#### PROBLEM
Lines with "shows": pull these out of the listing below.

#### DATA FOR ANALYSIS
###

(* Let $G=(V,E)$ be a finite simple graph with nonempty vertex set and burning number $b(G)$. Consider the following procedure (the burning greedy permutation algorithm, BGP), which receives only $G$ as input. Choose $s_1\in V$ arbitrarily and set $k=1$. While $\bigcup_{i=1}^{k}N_{k-i}[s_i]\neq V$, let $s_{k+1}$ be any vertex $u\in V$ maximizing $d(u,\{s_1,\dots,s_k\})$ (ties broken arbitrarily) and increase $k$ by one. Return $(s_1,\dots,s_k)$. Then, for every choice made by this procedure, it terminates and returns a burning sequence of $G$ of length at most $3b(G)-2$; that is, BGP is a $(3-2/b(G))$-approximation algorithm for the graph burning problem.
   Context: For vertices $u,v$ of $G$, $d(u,v)$ is the number of edges on a shortest $u$–$v$ path ($+\infty$ if none exists), and for $S\subseteq V$, $d(u,S)=\min_{w\in S}d(u,w)$. For $v\in V$ and an integer $r\ge 0$, $N_r[v]=\{u\in V: d(u,v)\le r\}$ is the closed $r$-th neighborhood of $v$ (so $N_0[v]=\{v\}$). A burning sequence of length $k$ is a sequence $(s_1,\dots,s_k)$ of vertices of $G$ (repetitions allowed) such that $\bigcup_{i=1}^{k}N_{k-i}[s_i]=V$; equivalently, if in round $i$ vertex $s_i$ becomes burned and every neighbor of a vertex burned in an earlier round becomes burned, then all vertices are burned after round $k$. The burning number $b(G)$ is the minimum length of a burning sequence of $G$. *)

theory Defs
  imports Main "HOL-Library.Extended_Nat"
begin

definition simple_graph :: "'a set \<Rightarrow> ('a \<Rightarrow> 'a \<Rightarrow> bool) \<Rightarrow> bool" where
  "simple_graph V E \<longleftrightarrow> finite V \<and> (\<forall>u v. E u v \<longrightarrow> u \<in> V \<and> v \<in> V)
     \<and> (\<forall>u v. E u v \<longrightarrow> E v u) \<and> (\<forall>u. \<not> E u u)"

definition is_walk :: "'a set \<Rightarrow> ('a \<Rightarrow> 'a \<Rightarrow> bool) \<Rightarrow> 'a list \<Rightarrow> bool" where
  "is_walk V E p \<longleftrightarrow> p \<noteq> [] \<and> set p \<subseteq> V \<and> (\<forall>i. Suc i < length p \<longrightarrow> E (p ! i) (p ! Suc i))"

definition dist :: "'a set \<Rightarrow> ('a \<Rightarrow> 'a \<Rightarrow> bool) \<Rightarrow> 'a \<Rightarrow> 'a \<Rightarrow> enat" where
  "dist V E u v = (INF p \<in> {p. is_walk V E p \<and> hd p = u \<and> last p = v}. enat (length p - 1))"

definition dist_set :: "'a set \<Rightarrow> ('a \<Rightarrow> 'a \<Rightarrow> bool) \<Rightarrow> 'a \<Rightarrow> 'a set \<Rightarrow> enat" where
  "dist_set V E u S = (INF w \<in> S. dist V E u w)"

definition nbhd :: "'a set \<Rightarrow> ('a \<Rightarrow> 'a \<Rightarrow> bool) \<Rightarrow> nat \<Rightarrow> 'a \<Rightarrow> 'a set" where
  "nbhd V E r v = {u \<in> V. dist V E u v \<le> enat r}"

text \<open>Union of N_{k-i}[s_i], i = 1..k, for s = [s_1,...,s_k] (0-based list: s!i has radius k-1-i).\<close>
definition burned :: "'a set \<Rightarrow> ('a \<Rightarrow> 'a \<Rightarrow> bool) \<Rightarrow> 'a list \<Rightarrow> 'a set" where
  "burned V E s = (\<Union>i<length s. nbhd V E (length s - 1 - i) (s ! i))"

definition burning_seq :: "'a set \<Rightarrow> ('a \<Rightarrow> 'a \<Rightarrow> bool) \<Rightarrow> 'a list \<Rightarrow> bool" where
  "burning_seq V E s \<longleftrightarrow> set s \<subseteq> V \<and> burned V E s = V"

definition burning_number :: "'a set \<Rightarrow> ('a \<Rightarrow> 'a \<Rightarrow> bool) \<Rightarrow> nat" where
  "burning_number V E = (LEAST k. \<exists>s. length s = k \<and> burning_seq V E s)"

text \<open>A (possibly unfinished) run of BGP: s_1 in V arbitrary; each further vertex
  s_{j+1} is chosen only while the loop condition holds for (s_1..s_j), and it
  maximizes d(u,{s_1..s_j}) over u in V.\<close>
definition bgp_run :: "'a set \<Rightarrow> ('a \<Rightarrow> 'a \<Rightarrow> bool) \<Rightarrow> 'a list \<Rightarrow> bool" where
  "bgp_run V E s \<longleftrightarrow> s \<noteq> [] \<and> set s \<subseteq> V \<and>
     (\<forall>j. 1 \<le> j \<and> j < length s \<longrightarrow>
        burned V E (take j s) \<noteq> V \<and>
        (\<forall>u\<in>V. dist_set V E u (set (take j s)) \<le> dist_set V E (s ! j) (set (take j s))))"

definition bgp_output :: "'a set \<Rightarrow> ('a \<Rightarrow> 'a \<Rightarrow> bool) \<Rightarrow> 'a list \<Rightarrow> bool" where
  "bgp_output V E s \<longleftrightarrow> bgp_run V E s \<and> burned V E s = V"

end

theory Submission
  imports Defs
begin

text \<open>Let \<open>b\<close> be the burning number and \<open>(t\<^sub>1,\<dots>,t\<^sub>b)\<close> an optimal burning sequence,
  so that \<open>V\<close> is covered by \<open>b\<close> balls of radius at most \<open>b - 1\<close>. The distances
  \<open>d(s\<^sub>k\<^sub>+\<^sub>1, {s\<^sub>1,\<dots>,s\<^sub>k})\<close> chosen by BGP never increase. If \<open>r = d(s\<^sub>b\<^sub>+\<^sub>1, {s\<^sub>1,\<dots>,s\<^sub>b})\<close>
  exceeds \<open>2b - 2\<close>, then \<open>s\<^sub>1,\<dots>,s\<^sub>b\<^sub>+\<^sub>1\<close> are pairwise more than \<open>2b - 2\<close> apart, and two of
  these \<open>b + 1\<close> vertices would share one of the \<open>b\<close> balls. Hence \<open>r \<le> 2b - 2\<close>: every vertex
  is within \<open>2b - 2\<close> of \<open>{s\<^sub>1,\<dots>,s\<^sub>b}\<close>, so the first \<open>3b - 2\<close> chosen vertices already burn
  the graph and the loop stops by then.\<close>

lemma is_walk_singleton: "is_walk V E [x] \<longleftrightarrow> x \<in> V"
  by (auto simp: is_walk_def)

lemma is_walk_Cons_Cons:
  "is_walk V E (x # y # p) \<longleftrightarrow> x \<in> V \<and> E x y \<and> is_walk V E (y # p)"
  unfolding is_walk_def by (auto simp: All_less_Suc2)

lemma is_walk_append:
  "is_walk V E p \<Longrightarrow> is_walk V E q \<Longrightarrow> last p = hd q \<Longrightarrow> is_walk V E (p @ tl q)"
proof (induction p rule: induct_list012)
  case 1
  then show ?case by (simp add: is_walk_def)
next
  case (2 x)
  then show ?case by (cases q) auto
next
  case (3 x y p)
  then show ?case by (simp add: is_walk_Cons_Cons)
qed

lemma is_walk_rev:
  assumes sym: "\<And>u v. E u v \<Longrightarrow> E v u" and p: "is_walk V E p"
  shows "is_walk V E (rev p)"
proof -
  have "E (rev p ! i) (rev p ! Suc i)" if "Suc i < length p" for i
  proof -
    have "E (p ! (length p - Suc (Suc i))) (p ! Suc (length p - Suc (Suc i)))"
      using p that unfolding is_walk_def by auto
    then show ?thesis using sym that by (simp add: rev_nth Suc_diff_Suc)
  qed
  then show ?thesis using p unfolding is_walk_def by simp
qed

lemma dist_le_walk_length:
  "is_walk V E p \<Longrightarrow> hd p = u \<Longrightarrow> last p = v \<Longrightarrow> dist V E u v \<le> enat (length p - 1)"
  unfolding dist_def by (rule INF_lower) auto

lemma dist_enatE:
  assumes "dist V E u v = enat n"
  obtains p where "is_walk V E p" "hd p = u" "last p = v" "length p - 1 = n"
proof -
  let ?W = "{p. is_walk V E p \<and> hd p = u \<and> last p = v}"
  have "?W \<noteq> {}"
  proof
    assume "?W = {}"
    then have "dist V E u v = \<infinity>" unfolding dist_def by (metis INF_empty top_enat_def)
    with assms show False by simp
  qed
  then obtain p where "p \<in> ?W" by blast
  then have "dist V E u v \<in> (\<lambda>p. enat (length p - 1)) ` ?W"
    unfolding dist_def by (rule wellorder_InfI[OF imageI])
  then show ?thesis using assms by (auto intro: that)
qed

lemma dist_self: "v \<in> V \<Longrightarrow> dist V E v v = 0"
  using dist_le_walk_length[of V E "[v]" v v] by (simp add: is_walk_singleton flip: zero_enat_def)

lemma dist_commute:
  assumes "simple_graph V E"
  shows "dist V E u v = dist V E v u"
proof -
  have le: "dist V E x y \<le> dist V E y x" for x y
  proof (cases "dist V E y x")
    case (enat n)
    then obtain p where p: "is_walk V E p" "hd p = y" "last p = x" "length p - 1 = n"
      by (rule dist_enatE)
    have "is_walk V E (rev p)"
      using is_walk_rev p(1) assms unfolding simple_graph_def by blast
    moreover have "p \<noteq> []" using p(1) by (simp add: is_walk_def)
    ultimately show ?thesis
      using dist_le_walk_length[of V E "rev p" x y] p enat by (simp add: hd_rev last_rev)
  qed simp
  show ?thesis using le[of u v] le[of v u] by simp
qed

lemma dist_triangle: "dist V E u w \<le> dist V E u v + dist V E v w"
proof (cases "dist V E u v")
  case m: (enat m)
  show ?thesis
  proof (cases "dist V E v w")
    case n: (enat n)
    obtain p where p: "is_walk V E p" "hd p = u" "last p = v" "length p - 1 = m"
      using m by (rule dist_enatE)
    obtain q where q: "is_walk V E q" "hd q = v" "last q = w" "length q - 1 = n"
      using n by (rule dist_enatE)
    have "p \<noteq> []" "q \<noteq> []" using p q by (auto simp: is_walk_def)
    then have "hd (p @ tl q) = u" "last (p @ tl q) = w"
      using p(2,3) q(2,3) by (cases q; auto simp: last_append)+
    moreover have "length (p @ tl q) - 1 = m + n"
      using p(4) q(4) \<open>p \<noteq> []\<close> \<open>q \<noteq> []\<close> by (cases p; cases q) auto
    ultimately show ?thesis
      using dist_le_walk_length[OF is_walk_append[OF p(1) q(1)]] p q m n by simp
  qed simp
qed simp

lemma dist_set_le_dist: "w \<in> S \<Longrightarrow> dist_set V E u S \<le> dist V E u w"
  unfolding dist_set_def by (rule INF_lower)

lemma dist_set_antimono: "S \<subseteq> T \<Longrightarrow> dist_set V E u T \<le> dist_set V E u S"
  unfolding dist_set_def by (rule INF_superset_mono) auto

lemma dist_set_attained:
  assumes "S \<noteq> {}"
  obtains w where "w \<in> S" "dist_set V E u S = dist V E u w"
proof -
  from assms obtain w where "w \<in> S" by blast
  then have "dist_set V E u S \<in> dist V E u ` S"
    unfolding dist_set_def by (rule wellorder_InfI[OF imageI])
  then show ?thesis by (auto intro: that)
qed

lemma burned_subset: "burned V E s \<subseteq> V"
  unfolding burned_def nbhd_def by auto

lemma burning_seq_exists:
  assumes "simple_graph V E"
  shows "\<exists>s. burning_seq V E s"
proof -
  obtain xs where xs: "set xs = V"
    using assms finite_list unfolding simple_graph_def by metis
  have "v \<in> burned V E xs" if v: "v \<in> V" for v
  proof -
    obtain i where i: "i < length xs" "xs ! i = v"
      using v xs by (metis in_set_conv_nth)
    then have "dist V E v (xs ! i) \<le> enat (length xs - 1 - i)"
      using v by (simp add: dist_self)
    with v i show ?thesis
      unfolding burned_def nbhd_def by blast
  qed
  then have "burned V E xs = V"
    using burned_subset[of V E xs] by blast
  with xs show ?thesis
    unfolding burning_seq_def by auto
qed

lemma burning_number_attained:
  assumes "simple_graph V E"
  obtains t where "burning_seq V E t" "length t = burning_number V E"
proof -
  obtain s where "burning_seq V E s" using burning_seq_exists[OF assms] ..
  then have "\<exists>k t. length t = k \<and> burning_seq V E t" by blast
  then have "\<exists>t. length t = burning_number V E \<and> burning_seq V E t"
    unfolding burning_number_def by (rule LeastI_ex)
  then show ?thesis using that by blast
qed

text \<open>Each of the first \<open>m\<close> vertices of \<open>s\<close> burns with radius at least \<open>length s - m\<close>.\<close>

lemma burned_eq_if_near_prefix:
  assumes near: "\<forall>u\<in>V. dist_set V E u (set (take m s)) \<le> enat (length s - m)"
  shows "burned V E s = V"
proof
  show "V \<subseteq> burned V E s"
  proof
    fix u assume u: "u \<in> V"
    have "set (take m s) \<noteq> {}"
    proof
      assume "set (take m s) = {}"
      with near u show False by (simp add: dist_set_def top_enat_def)
    qed
    then obtain w where w: "w \<in> set (take m s)"
      and dw: "dist_set V E u (set (take m s)) = dist V E u w"
      by (rule dist_set_attained)
    then obtain i where i: "i < m" "i < length s" "s ! i = w"
      by (auto simp: in_set_conv_nth)
    have "dist V E u (s ! i) \<le> enat (length s - 1 - i)"
      using near u dw i order_trans by fastforce
    with u i show "u \<in> burned V E s"
      unfolding burned_def nbhd_def by blast
  qed
qed (rule burned_subset)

###

#### EXERCISE RESPONSE
  shows "is_walk V E (rev p)"
  shows "dist V E u v = dist V E v u"
  shows "\<exists>s. burning_seq V E s"
  shows "burned V E s = V"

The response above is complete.